Case ID: f2d_599/html/0049-01.html
Source: Caselaw Access Project
Author: {"author": "PER CURIAM:", "license": "Public Domain", "url": "https://static.case.law/"}
Date Created: 2024-08-24T03:29:51.129683

Bennie Dixon BURTON, Petitioner-Appellant, v. Joseph A. OLIVER, Warden, Respondent-Appellee.
    No. 79-2562.
    United States Court of Appeals, Fifth Circuit.
    July 3, 1979.
    Bennie Dixon Burton, pro se.
    Charles A. Graddick, Atty. Gen., Montgomery, Ala., for respondent-appellee.
    
      Before CLARK, GEE and HILL, Circuit Judges.
   PER CURIAM:

Appellant, asserting probable cause and pauper status, seeks to appeal the denial of his petition for writ of habeas corpus. The issues which he advances were presented to the Alabama appellate courts on direct appeal, without effect. Burton v. State, 364 So.2d 394 (Ala.Crim.App.1978), cert. denied, 364 So.2d 397. Without seeking other relief, he filed this application for relief pursuant to 28 U.S.C. § 2254. The district court dismissed his petition for failure to exhaust state collateral remedies.

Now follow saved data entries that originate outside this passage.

lemma cong_units_pair:
  assumes reg: "\<And>K. compactin X K \<Longrightarrow> openin X K \<Longrightarrow> regular_open_in X K"
    and ab: "(a, b) \<in> R" "a g" "\<not> b g"
  obtains p q N where "(p, q) \<in> R" "openin X N" "N \<noteq> {}" "N \<subseteq> U"
    "\<And>u. u \<in> N \<Longrightarrow> p u" "\<And>u. u \<in> U \<Longrightarrow> \<not> q u"
proof -
  have a: "a \<in> steinberg_B G" and b: "b \<in> steinberg_B G" using cong_in_carrier[OF ab(1)] by auto
  obtain Fa where Fa: "finite Fa" "\<And>B. B \<in> Fa \<Longrightarrow> compact_open_bisection G B" "a = charf (\<Union>Fa)"
    using steinberg_BE[OF a] by blast
  obtain Fb where Fb: "finite Fb" "\<And>B. B \<in> Fb \<Longrightarrow> compact_open_bisection G B" "b = charf (\<Union>Fb)"
    using steinberg_BE[OF b] by blast
  obtain B where B: "B \<in> Fa" "g \<in> B" using ab(2) Fa(3) by auto
  have "compactin X (\<Union>Fb)" "openin X (\<Union>Fb)"
    using Fb(1,2) unfolding compact_open_bisection_def by (auto intro: compactin_Union)
  then have "regular_open_in X (\<Union>Fb)" by (rule reg)
  moreover have "openin X B" using Fa(2)[OF B(1)] unfolding compact_open_bisection_def by blast
  moreover have "\<not> B \<subseteq> \<Union>Fb" using B(2) ab(3) Fb(3) by blast
  ultimately obtain W where W: "compact_open_bisection G W" "W \<noteq> {}" "W \<subseteq> B" "W \<inter> \<Union>Fb = {}"
    by (rule regular_open_avoid)
  have WA: "W \<subseteq> A" and Wo: "openin X W"
    using W(1) unfolding compact_open_bisection_def bisection_def by blast+
  let ?p = "st_conv G (charf (i ` W)) a" and ?q = "st_conv G (charf (i ` W)) b"
  have "(?p, ?q) \<in> R"
    using cong_conv_left[OF ab(1) charf_in_steinberg_B[OF compact_open_bisection_inv[OF W(1)]]] .
  moreover have "openin X (s ` W)" "s ` W \<noteq> {}" "s ` W \<subseteq> U"
    using src_open_image[OF Wo] W(2) WA by auto
  moreover have "?p u" if "u \<in> s ` W" for u
  proof -
    have "a w" if "w \<in> W" for w using that W(3) B(1) Fa(3) by blast
    then show ?thesis using st_conv_inv_on_src[OF WA] \<open>u \<in> s ` W\<close> by blast
  qed
  moreover have "\<not> ?q u" if "u \<in> U" for u
  proof (rule st_conv_inv_off_units[OF WA _ _ that])
    show "g \<in> A" if "b g" for g using steinberg_B_arrows[OF b that] .
    show "\<not> b w" if "w \<in> W" for w using that W(4) Fb(3) by blast
  qed
  ultimately show thesis by (rule that)
qed

lemma unit_zero_of_units_pair:
  assumes eff: "effective_groupoid G"
    and pq: "(p, q) \<in> R" and N: "openin X N" "N \<noteq> {}" "N \<subseteq> U" "\<And>u. u \<in> N \<Longrightarrow> p u"
    and q: "\<And>u. u \<in> U \<Longrightarrow> \<not> q u"
  obtains V where "V \<subseteq> U" "V \<noteq> {}" "openin X V" "(charf V, \<lambda>_. False) \<in> R"
proof -
  have qS: "q \<in> steinberg_B G" using cong_in_carrier[OF pq] by blast
  obtain Fq where Fq: "finite Fq" "\<And>B. B \<in> Fq \<Longrightarrow> compact_open_bisection G B" "q = charf (\<Union>Fq)"
    using steinberg_BE[OF qS] by blast
  have "openin X D \<and> inj_on s D \<and> D \<inter> U = {}" if "D \<in> Fq" for D
  proof -
    have "D \<inter> U = {}" using q Fq(3) that by blast
    then show ?thesis using Fq(2)[OF that] unfolding compact_open_bisection_def bisection_def by blast
  qed
  then obtain N' where N': "openin X N'" "N' \<noteq> {}" "N' \<subseteq> N"
      "\<forall>d \<in> \<Union>Fq. s d \<in> N' \<longrightarrow> r d \<notin> N'"
    using effective_avoid_bisections[OF eff Fq(1) _ N(1-3)] by blast
  obtain x where x: "x \<in> N'" using N'(2) by blast
  then have "x \<in> U" using N'(3) N(3) by blast
  with x obtain V where V: "compactin X V" "openin X V" "x \<in> V" "V \<subseteq> N'" "V \<subseteq> U"
    by (rule compact_open_unit_neighbourhood[OF N'(1)])
  have zV: "charf V \<in> steinberg_B G"
    using charf_in_steinberg_B[OF compact_open_bisection_of_units[OF V(5,1,2)]] .
  let ?sw = "\<lambda>f. st_conv G (charf V) (st_conv G f (charf V))"
  have "(?sw p, ?sw q) \<in> R" using cong_conv_left[OF cong_conv_right[OF pq zV] zV] .
  moreover have "?sw q = (\<lambda>_. False)"
  proof (rule st_conv_unit_sandwich_zero[OF V(5)])
    show "g \<in> A" if "q g" for g using steinberg_B_arrows[OF qS that] .
    show "r e \<notin> V" if "q e" "s e \<in> V" for e using that N'(4) V(4) Fq(3) by blast
  qed
  ultimately have p0: "(?sw p, \<lambda>_. False) \<in> R" by simp
  have "?sw p v" if "v \<in> V" for v
    using st_conv_unit_sandwich_ge[OF V(5) _ that] N(4) V(4) N'(3) by blast
  then have "st_add (?sw p) (charf V) = ?sw p" by (auto simp: st_add_def)
  moreover have "(st_add (?sw p) (charf V), st_add (\<lambda>_. False) (charf V)) \<in> R"
    using cong_add[OF p0 zV] .
  ultimately have "(?sw p, charf V) \<in> R" by (simp add: st_add_def)
  then have "(charf V, \<lambda>_. False) \<in> R" using cong_trans[OF cong_sym p0] by blast
  moreover have "V \<noteq> {}" using V(3) by blast
  ultimately show thesis using that V(2,5) by blast
qed

end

Though there is language in § 2254 supporting this disposition, the law is settled that it does not mean what it appears to say and that it is not necessary for the prisoner to ask the state for collateral relief based on the same issues and evidence already raised on direct appeal before seeking federal relief. Brown v. Allen, 344 U.S. 443, 73 S.Ct. 397, 97 L.Ed. 469 (1953); Galtieri v. Wainwright, 582 F.2d 348 (5th Cir. 1978) (en banc); Young v. Alabama, 427 F.2d 177 (5th Cir. 1970). We could not disturb these holdings if we wished to; they are binding upon us and on the district court.

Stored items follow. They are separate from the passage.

lemma star_eqI:
  assumes "f \<in> extensional OrbSp" "\<And>x. star g (orbM x) = f (orbM x)"
  shows "star g = f"
  using assms by (intro extensionalityI[OF star_extensional]) (auto simp: OrbSp_def)

lemma AffM_simps:
  "carrier AffM = star ` NM"
  "f \<otimes>\<^bsub>AffM\<^esub> h = (\<lambda>P\<in>OrbSp. f (h P))"
  "\<one>\<^bsub>AffM\<^esub> = (\<lambda>P\<in>OrbSp. P)"
  by (simp_all add: AffM_def)

lemma star_mult:
  assumes "g \<in> NM" "h \<in> NM"
  shows "star (g \<otimes>\<^bsub>AffE\<^esub> h) = star g \<otimes>\<^bsub>AffM\<^esub> star h"
  using assms subgroup.m_closed[OF subgroup_NM assms]
  by (intro star_eqI) (simp_all add: AffM_simps star_orbM aff_app_mult OrbSp_def)

lemma star_one: "star \<one>\<^bsub>AffE\<^esub> = \<one>\<^bsub>AffM\<^esub>"
  using subgroup.one_closed[OF subgroup_NM]
  by (intro star_eqI) (simp_all add: AffM_simps star_orbM OrbSp_def AffE_simps aff_app_def)

lemma star_hom: "star \<in> hom (AffE\<lparr>carrier := NM\<rparr>) AffM"
  by (rule homI) (simp_all add: AffM_simps star_mult)

lemma group_AffM: "group AffM"
proof -
  have "group (AffM\<lparr>carrier := star ` carrier (AffE\<lparr>carrier := NM\<rparr>),
      one := star \<one>\<^bsub>AffE\<lparr>carrier := NM\<rparr>\<^esub>\<rparr>)"
    by (rule group.hom_imp_img_group[OF AffE.subgroup_imp_group[OF subgroup_NM] star_hom])
  then show ?thesis
    using star_one by (simp add: AffM_def)
qed

lemma star_group_hom: "group_hom (AffE\<lparr>carrier := NM\<rparr>) AffM star"
  by (intro group_hom.intro group_hom_axioms.intro AffE.subgroup_imp_group subgroup_NM
      group_AffM star_hom)

lemma star_inv: "g \<in> NM \<Longrightarrow> inv\<^bsub>AffM\<^esub> (star g) = star (inv\<^bsub>AffE\<^esub> g)"
  using group_hom.hom_inv[OF star_group_hom] AffE.m_inv_consistent[OF subgroup_NM] by simp
lemma double_alt_sum_tail_less:
  assumes "alternating (Suc (Suc m)) a"
  shows "2 * alt_sum (Suc m) (\<lambda>i. a (Suc i)) < 2 ^ a 1"
proof -
  define w where "w = alt_sum (Suc m) (\<lambda>i. a (Suc i))"
  note bounds = alt_sum_bounds[OF alternating_tail[OF assms], folded w_def]
  have head: "a 2 < a 1" "m = 0 \<longrightarrow> a 2 + 1 < a 1"
    using alternating_head[OF assms] by auto
  have "2 * w < 2 ^ a 1"
  proof (cases "m = 0")
    case True
    have "(2::int) ^ (a 2 + 1) < 2 ^ a 1"
      using head True by (intro power_strict_increasing) auto
    then show ?thesis
      using bounds by (simp add: numeral_2_eq_2)
  next
    case False
    have "(2::int) ^ (a 2 + 1) \<le> 2 ^ a 1"
      using head by (intro power_increasing) auto
    then show ?thesis
      using bounds False by (simp add: numeral_2_eq_2)
  qed
  then show ?thesis
    unfolding w_def .
qed

lemma even_alt_sum_iff:
  "alternating (Suc m) a \<Longrightarrow> even (alt_sum (Suc m) a) \<longleftrightarrow> a (Suc m) \<ge> 1"
proof (induction m arbitrary: a)
  case 0
  then show ?case by (simp add: alt_sum_one Suc_le_eq)
next
  case (Suc m)
  have "a 1 \<noteq> 0"
    using alternating_head[OF Suc.prems] by simp
  then show ?case
    using Suc.IH[OF alternating_tail[OF Suc.prems]] unfolding alt_sum_Suc_Suc by simp
qed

We therefore find probable cause to appeal, grant appellant pauper status, and docket his appeal. The cause is

REVERSED AND REMANDED. 
      
      . “(c) An applicant shall not be deemed to have exhausted the remedies available in the course of the State, within the meaning of this section, if he has the right under the law of the State to raise, by any available procedure, the question presented.”
     
      
      . From an examination of the opinion on state direct appeal it seems doubtful that petitioner’s claims warrant the relief he seeks here, but that record is not before us, the trial court has not considered it, and we express no opinion of a binding nature on this subject.
     
      
      . It is appropriate to dispose of this case summarily. See Groendyke Transportation, Inc. v. Davis, 5 Cir., 1969, 406 F.2d 1158.